Karol Rathaus (Karl Leonhard Bruno Rathaus; also Leonhard Bruno; 16 September 1895 — 21 November 1954) was a German-Austrian Jewish composer who immigrated to the United States via Berlin, Paris, and London, escaping the rise of Nazism in Germany.

Life 
Born in the Ukrainian city of Ternopil (part of Austria-Hungary in 1895), Rathaus began composing at an early age, beginning his studies in 1913/1914 at the Academy of Performing Arts and Music in Vienna. His studies were interrupted by military service during the First World War. As one of the favorite pupils of Franz Schreker, Rathaus followed him to the Academy of Music in Berlin, where he continued to study music and composition. After graduation, Rathaus accepted the position of a teacher of composition and music theory at the Berlin University of the Arts. Rathaus lived in Berlin from 1922 to 1932, during which time his first compositions caused a sensation and achieved great success.

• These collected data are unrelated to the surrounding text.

lemma card_selected:
  assumes "\<phi> \<in> selections G m"
  shows "card (selected G m \<phi>) = m"
proof -
  have \<phi>_less: "\<phi> a < G" if "a < m" for a
    using assms that unfolding selections_def by (simp add: PiE_iff)
  have "selected G m \<phi> = (\<lambda>a. a * G + \<phi> a) ` {..<m}"
  proof (intro set_eqI iffI)
    fix i assume "i \<in> selected G m \<phi>"
    then have "i < m * G" "\<phi> (i div G) = i mod G" by (simp_all add: selected_def mult.commute)
    then have "i div G < m" "i = i div G * G + \<phi> (i div G)"
      by (simp_all add: less_mult_imp_div_less)
    then show "i \<in> (\<lambda>a. a * G + \<phi> a) ` {..<m}" by blast
  next
    fix i assume "i \<in> (\<lambda>a. a * G + \<phi> a) ` {..<m}"
    then obtain a where a: "a < m" "i = a * G + \<phi> a" by blast
    have "a * G + \<phi> a < Suc a * G" using \<phi>_less[OF a(1)] by simp
    also have "\<dots> \<le> m * G" using a(1) by (intro mult_right_mono) auto
    finally have "i < G * m" using a(2) by (simp add: mult.commute)
    moreover have "i div G = a" "i mod G = \<phi> a" using a \<phi>_less[OF a(1)] by simp_all
    ultimately show "i \<in> selected G m \<phi>" by (simp add: selected_def)
  qed
  moreover have "inj_on (\<lambda>a. a * G + \<phi> a) {..<m}"
  proof (rule inj_onI)
    fix a b assume "a \<in> {..<m}" "b \<in> {..<m}" and eq: "a * G + \<phi> a = b * G + \<phi> b"
    then have a: "\<phi> a < G" and b: "\<phi> b < G" by (simp_all add: \<phi>_less)
    have "a = (a * G + \<phi> a) div G" using a by simp
    also have "\<dots> = b" using b by (simp only: eq) simp
    finally show "a = b" .
  qed
  ultimately show ?thesis by (simp add: card_image)
qed

lemma card_selections_selecting_both:
  assumes "i < G * m" "j < G * m" "i \<noteq> j"
  shows "card {\<phi> \<in> selections G m. i \<in> selected G m \<phi> \<and> j \<in> selected G m \<phi>} \<le> G ^ (m - 2)"
proof (cases "i div G = j div G")
  case True
  then have "i mod G \<noteq> j mod G" using assms(3) by (metis div_mult_mod_eq)
  then have "{\<phi> \<in> selections G m. i \<in> selected G m \<phi> \<and> j \<in> selected G m \<phi>} = {}"
    using True by (auto simp: selected_def)
  then show ?thesis by (simp only: card.empty)
next
  case False
  have G: "0 < G" using assms(1) by (cases G) auto
  define S where "S = {i div G, j div G}"
  define c where "c a = (if a = i div G then i mod G else j mod G)" for a
  have S: "S \<subseteq> {..<m}" using assms(1,2) by (auto simp: S_def less_mult_imp_div_less mult.commute)
  have "{\<phi> \<in> selections G m. i \<in> selected G m \<phi> \<and> j \<in> selected G m \<phi>}
      = {\<phi> \<in> PiE {..<m} (\<lambda>_. {..<G}). \<forall>a\<in>S. \<phi> a = c a}"
    using assms(1,2) False by (auto simp: selections_def selected_def S_def c_def)
  also have "card \<dots> = card {..<G} ^ card ({..<m} - S)"
    using S G by (intro card_PiE_fixing) (auto simp: S_def c_def)
  also have "card ({..<m} - S) = m - 2"
    using S False by (simp add: card_Diff_subset S_def)
  finally show ?thesis by simp
qed

lemma card_collisions_le:
  assumes "\<And>i. i < N \<Longrightarrow> card {j. j < N \<and> h j = h i} \<le> k"
  shows "card {(i, j) \<in> {..<N} \<times> {..<N}. i \<noteq> j \<and> h i = h j} \<le> N * (k - 1)"
proof -
  have "{(i, j) \<in> {..<N} \<times> {..<N}. i \<noteq> j \<and> h i = h j} = (SIGMA i:{..<N}. {j. j < N \<and> h j = h i} - {i})"
    by auto
  then have "card {(i, j) \<in> {..<N} \<times> {..<N}. i \<noteq> j \<and> h i = h j} = (\<Sum>i<N. card ({j. j < N \<and> h j = h i} - {i}))"
    by simp
  also have "\<dots> \<le> (\<Sum>i<N. k - 1)" using assms by (intro sum_mono) (simp add: diff_le_mono)
  finally show ?thesis by simp
qed

lemma sum_card_selected_collisions_le:
  "(\<Sum>\<phi>\<in>selections G m. card {(i, j) \<in> selected G m \<phi> \<times> selected G m \<phi>. i \<noteq> j \<and> h i = h j})
    \<le> card {(i, j) \<in> {..<G * m} \<times> {..<G * m}. i \<noteq> j \<and> h i = h j} * G ^ (m - 2)"
proof -
  define C where "C = {(i, j) \<in> {..<G * m} \<times> {..<G * m}. i \<noteq> j \<and> h i = h j}"
  define coll where "coll \<phi> = {(i, j) \<in> selected G m \<phi> \<times> selected G m \<phi>. i \<noteq> j \<and> h i = h j}" for \<phi>
  have "finite C" by (auto simp: C_def intro: finite_subset[of _ "{..<G * m} \<times> {..<G * m}"])
  have "(\<Sum>\<phi>\<in>selections G m. card (coll \<phi>)) = (\<Sum>\<phi>\<in>selections G m. \<Sum>p\<in>C. of_bool (p \<in> coll \<phi>))"
  proof (intro sum.cong refl)
    fix \<phi> have "C \<inter> {p. p \<in> coll \<phi>} = coll \<phi>" by (auto simp: C_def coll_def selected_def)
    then show "card (coll \<phi>) = (\<Sum>p\<in>C. of_bool (p \<in> coll \<phi>))" using \<open>finite C\<close> by simp
  qed
  also have "\<dots> = (\<Sum>p\<in>C. \<Sum>\<phi>\<in>selections G m. of_bool (p \<in> coll \<phi>))" by (rule sum.swap)
  also have "\<dots> \<le> (\<Sum>p\<in>C. G ^ (m - 2))"
  proof (intro sum_mono)
    fix p assume "p \<in> C"
    then obtain i j where p: "p = (i, j)" "i < G * m" "j < G * m" "i \<noteq> j" "h i = h j" by (auto simp: C_def)
    let ?both = "{\<phi> \<in> selections G m. i \<in> selected G m \<phi> \<and> j \<in> selected G m \<phi>}"
    have "selections G m \<inter> {\<phi>. i \<in> selected G m \<phi> \<and> j \<in> selected G m \<phi>} = ?both" by blast
    then have "(\<Sum>\<phi>\<in>selections G m. of_bool (p \<in> coll \<phi>)) = card ?both"
      using p finite_selections by (simp add: coll_def)
    also have "\<dots> \<le> G ^ (m - 2)" using p by (intro card_selections_selecting_both)
    finally show "(\<Sum>\<phi>\<in>selections G m. of_bool (p \<in> coll \<phi>)) \<le> G ^ (m - 2)" .
  qed
  finally show ?thesis by (simp add: C_def coll_def)
qed

(* Two items of different groups are both selected by a 1 / G^2 fraction of the selections and
   every item shares its h-value with at most k - 1 others, so on average the selected items
   lose at most m (k - 1) / G \<le> m / 2 distinct values. *)
lemma sum_card_image_selected_ge:
  fixes h :: "nat \<Rightarrow> 'b"
  assumes k: "0 < k" and m: "2 \<le> m"
    and bin: "\<And>i. i < 2 * k * m \<Longrightarrow> card {j. j < 2 * k * m \<and> h j = h i} \<le> k"
  shows "real ((2 * k) ^ m) * real m / 2 \<le> (\<Sum>\<phi>\<in>selections (2 * k) m. real (card (h ` selected (2 * k) m \<phi>)))"
proof -
  define G where "G = 2 * k"
  define N where "N = G * m"
  define coll where "coll \<phi> = {(i, j) \<in> selected G m \<phi> \<times> selected G m \<phi>. i \<noteq> j \<and> h i = h j}" for \<phi>
  have "(\<Sum>\<phi>\<in>selections G m. card (coll \<phi>)) \<le> N * (k - 1) * G ^ (m - 2)"
    using sum_card_selected_collisions_le[of G m h] card_collisions_le[of N h k] bin
    unfolding coll_def N_def G_def by (meson mult_le_mono1 order.trans)
  then have "real (\<Sum>\<phi>\<in>selections G m. card (coll \<phi>)) \<le> real (N * (k - 1) * G ^ (m - 2))"
    by (simp only: of_nat_le_iff)
  then have collisions: "(\<Sum>\<phi>\<in>selections G m. real (card (coll \<phi>))) \<le> real N * (real k - 1) * real G ^ (m - 2)"
    using k by (simp add: of_nat_diff)
  have "(\<Sum>\<phi>\<in>selections G m. real m - real (card (coll \<phi>)))
      \<le> (\<Sum>\<phi>\<in>selections G m. real (card (h ` selected G m \<phi>)))"
  proof (intro sum_mono)
    fix \<phi> assume "\<phi> \<in> selections G m"
    then have "card (selected G m \<phi>) = m" by (rule card_selected)
    moreover have "finite (selected G m \<phi>)" by (simp add: selected_def)
    ultimately show "real m - real (card (coll \<phi>)) \<le> real (card (h ` selected G m \<phi>))"
      using card_le_card_image_add_collisions[of "selected G m \<phi>" h] by (simp add: coll_def)
  qed
  moreover have "real (G ^ m) * real m / 2 \<le> (\<Sum>\<phi>\<in>selections G m. real m - real (card (coll \<phi>)))"
  proof -
    define P where "P = real G ^ (m - 2)"
    obtain d where "m = 2 + d" using le_Suc_ex[OF m] by blast
    then have "real (G ^ m) = 4 * real k * real k * P" by (simp add: P_def G_def power_add power2_eq_square)
    moreover have "real N = 2 * real k * real m" by (simp add: N_def G_def)
    ultimately have "real (G ^ m) * real m / 2 = real (G ^ m) * real m - real N * (real k - 1) * P - 2 * real k * real m * P"
      by (simp add: algebra_simps)
    also have "\<dots> \<le> real (G ^ m) * real m - real N * (real k - 1) * P" by (simp add: P_def)
    also have "\<dots> \<le> (\<Sum>\<phi>\<in>selections G m. real m - real (card (coll \<phi>)))"
      using collisions by (simp add: sum_subtractf card_selections P_def)
    finally show ?thesis .
  qed
  ultimately show ?thesis by (simp add: G_def)
qed

section \<open>Online algorithms, cost and OPT\<close>

lemma det_online_alg_card_bin_le:
  assumes "det_online_alg P" "valid_instance I" "0 < k"
    and "\<And>i. i < length I \<Longrightarrow> size_of (I ! i) = 1 / real k"
  shows "card {i. active I i t \<and> P I i t = b} \<le> k"
proof -
  let ?S = "{i. active I i t \<and> P I i t = b}"
  have S: "?S \<subseteq> {..<length I}" by (auto simp: active_def)
  have "(\<Sum>i\<in>?S. size_of (I ! i)) \<le> 1" using assms(1,2) unfolding det_online_alg_def by blast
  moreover have "(\<Sum>i\<in>?S. size_of (I ! i)) = real (card ?S) / real k"
    using S assms(4) by (simp add: subset_iff)
  ultimately show ?thesis using assms(3) by (simp add: divide_le_eq)
qed

lemma det_online_alg_card_active_le:
  assumes "det_online_alg P" "valid_instance I" "0 < k"
    and "\<And>i. i < length I \<Longrightarrow> size_of (I ! i) = 1 / real k"
  shows "card {i. active I i t} \<le> k * card {P I i t | i. active I i t}"
proof -
  have "finite {i. active I i t}" by (rule finite_subset[of _ "{..<length I}"]) (auto simp: active_def)
  moreover have "card {i \<in> {i. active I i t}. P I i t = b} \<le> k" for b
    using det_online_alg_card_bin_le[OF assms] by simp
  ultimately have "card {i. active I i t} \<le> k * card ((\<lambda>i. P I i t) ` {i. active I i t})"
    by (rule card_le_mult_card_image)
  also have "(\<lambda>i. P I i t) ` {i. active I i t} = {P I i t | i. active I i t}" by blast
  finally show ?thesis .
qed

lemma one_le_moves:
  assumes "a \<le> s" "s < t" "t < a + d" "f s \<noteq> f t"
  shows "1 \<le> moves f a d"
proof -
  define ts where "ts j = (if j = 0 then s else t)" for j :: nat
  have "{j. j < 1 \<and> f (ts j) \<noteq> f (ts (Suc j))} = {0}" using assms(4) by (auto simp: ts_def)
  moreover have "(\<forall>j \<le> 1. a \<le> ts j \<and> ts j < a + d) \<and> (\<forall>j < 1. ts j < ts (Suc j))"
    using assms(1-3) by (auto simp: ts_def le_Suc_eq)
  ultimately have "ennreal (real (card {j. j < 1 \<and> f (ts j) \<noteq> f (ts (Suc j))})) \<le> moves f a d"
    unfolding moves_def by (intro Sup_upper) blast
  then show ?thesis using \<open>_ = {0}\<close> by simp
qed

lemma card_le_migrations:
  assumes "S \<subseteq> {..<length I}"
    and "\<And>i. i \<in> S \<Longrightarrow>
           \<exists>s t. arr (I ! i) \<le> s \<and> s < t \<and> t < arr (I ! i) + dur (I ! i) \<and> P I i s \<noteq> P I i t"
  shows "of_nat (card S) \<le> migrations P I"
proof -
  have "of_nat (card S) = (\<Sum>i\<in>S. 1 :: ennreal)" by simp
  also have "\<dots> \<le> (\<Sum>i\<in>S. moves (P I i) (arr (I ! i)) (dur (I ! i)))"
    using assms(2) one_le_moves by (intro sum_mono) blast
  also have "\<dots> \<le> migrations P I"
    unfolding migrations_def using assms(1) by (intro sum_mono2) auto
  finally show ?thesis .
qed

After his 1930 opera Fremde Erde,  Rathaus created film music and was among the artistically outstanding film composers in Germany before 1933. He wrote the music for three films by Fyodor Otsep. In 1933 he went to Paris and lived in London from 1934 to 1938, before he finally settled in New York.

In 1940 he became a professor of composition at Queens College. In this position he achieved prestige and popularity. In addition, he was also successful as a composer, writing many commissioned works and several film scores. He died at the age of 59 in the Flushing neighborhood of New York City's borough of Queens. Handwritten manuscripts, published works, and correspondence to and from Rathaus are available for research at the Queens College Special Collections and Archives.

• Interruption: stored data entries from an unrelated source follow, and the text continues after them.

lemma graph_hom_gadget_clique:
  assumes hom: "graph_hom (gadget_adj k) (gadget_order k) (gadget_adj j) \<phi>"
    and "gadget_cycle k \<le> u" "u < gadget_order k"
  shows "gadget_cycle j \<le> \<phi> u \<and> \<phi> u < gadget_order j"
proof -
  obtain v w where "gadget_adj k u v" "gadget_adj k v w" "gadget_adj k w u"
    using gadget_clique_triangleE assms(2,3) by blast
  then have "gadget_adj j (\<phi> u) (\<phi> v)" "gadget_adj j (\<phi> v) (\<phi> w)" "gadget_adj j (\<phi> w) (\<phi> u)"
    using hom gadget_adj_less unfolding graph_hom_def by blast+
  then show ?thesis using gadget_triangle_in_clique gadget_adj_less by blast
qed

lemma no_graph_hom_gadget_smaller:
  assumes "j < k"
  shows "\<not> graph_hom (gadget_adj k) (gadget_order k) (gadget_adj j) \<phi>"
proof
  assume hom: "graph_hom (gadget_adj k) (gadget_order k) (gadget_adj j) \<phi>"
  let ?C = "\<lambda>k. {gadget_cycle k..<gadget_order k}"
  have "inj_on \<phi> (?C k)"
  proof (rule inj_onI)
    fix u v assume uv: "u \<in> ?C k" "v \<in> ?C k" "\<phi> u = \<phi> v"
    show "u = v"
    proof (rule ccontr)
      assume "u \<noteq> v"
      with uv have "gadget_adj k u v" by (auto simp: gadget_adj_def)
      with hom uv have "gadget_adj j (\<phi> u) (\<phi> u)" by (auto simp: graph_hom_def)
      then show False using irreflp_gadget_adj irreflpD by metis
    qed
  qed
  moreover have "\<phi> ` ?C k \<subseteq> ?C j"
    using graph_hom_gadget_clique[OF hom] by auto
  ultimately have "card (?C k) \<le> card (?C j)"
    using card_inj_on_le finite_atLeastLessThan by blast
  then show False using \<open>j < k\<close> by (simp add: gadget_order_def)
qed

lemma graph_hom_gadget_larger_cycle:
  assumes hom: "graph_hom (gadget_adj k) (gadget_order k) (gadget_adj j) \<phi>"
    and "k < j" and "u < gadget_cycle k"
  shows "gadget_cycle j \<le> \<phi> u"
proof (rule ccontr)
  let ?m = "gadget_cycle k"
  assume "\<not> gadget_cycle j \<le> \<phi> u"
  define x where "x i = \<phi> ((u + i) mod ?m)" for i
  have step: "gadget_adj j (x i) (x (Suc i))" for i
  proof -
    have "cycle_adj ?m ((u + i) mod ?m) (Suc (u + i) mod ?m)"
      by (rule cycle_adj_mod_Suc) (simp add: gadget_cycle_def)
    then show ?thesis
      using hom by (auto simp: x_def graph_hom_def gadget_adj_def cycle_adj_def gadget_order_def)
  qed
  have on_cycle: "x i < gadget_cycle j" for i
  proof (induction i)
    case 0
    then show ?case using \<open>\<not> gadget_cycle j \<le> \<phi> u\<close> \<open>u < ?m\<close> by (simp add: x_def)
  next
    case (Suc i)
    then show ?case using gadget_adj_cycle[OF step] by (simp add: cycle_adj_def)
  qed
  have "\<forall>i<?m. cycle_adj (gadget_cycle j) (x i) (x (Suc i))"
    using gadget_adj_cycle step on_cycle by blast
  moreover have "x ?m = x 0" by (simp add: x_def)
  ultimately show False
    using cycle_no_short_odd_closed_walk[of ?m "gadget_cycle j" x] \<open>k < j\<close>
    by (simp add: gadget_cycle_def)
qed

His compositional output includes mostly instrumental works: symphonies, orchestral works, serenades, sonatas and ballets. He saw his compositions in the tradition of Richard Strauss, Gustav Mahler, Igor Stravinsky and his teacher Franz Schreker.

In Nazi Germany, his compositions were classified as "degenerate art" and assigned a performance ban. He is now considered one of the many great 'composers in exile'.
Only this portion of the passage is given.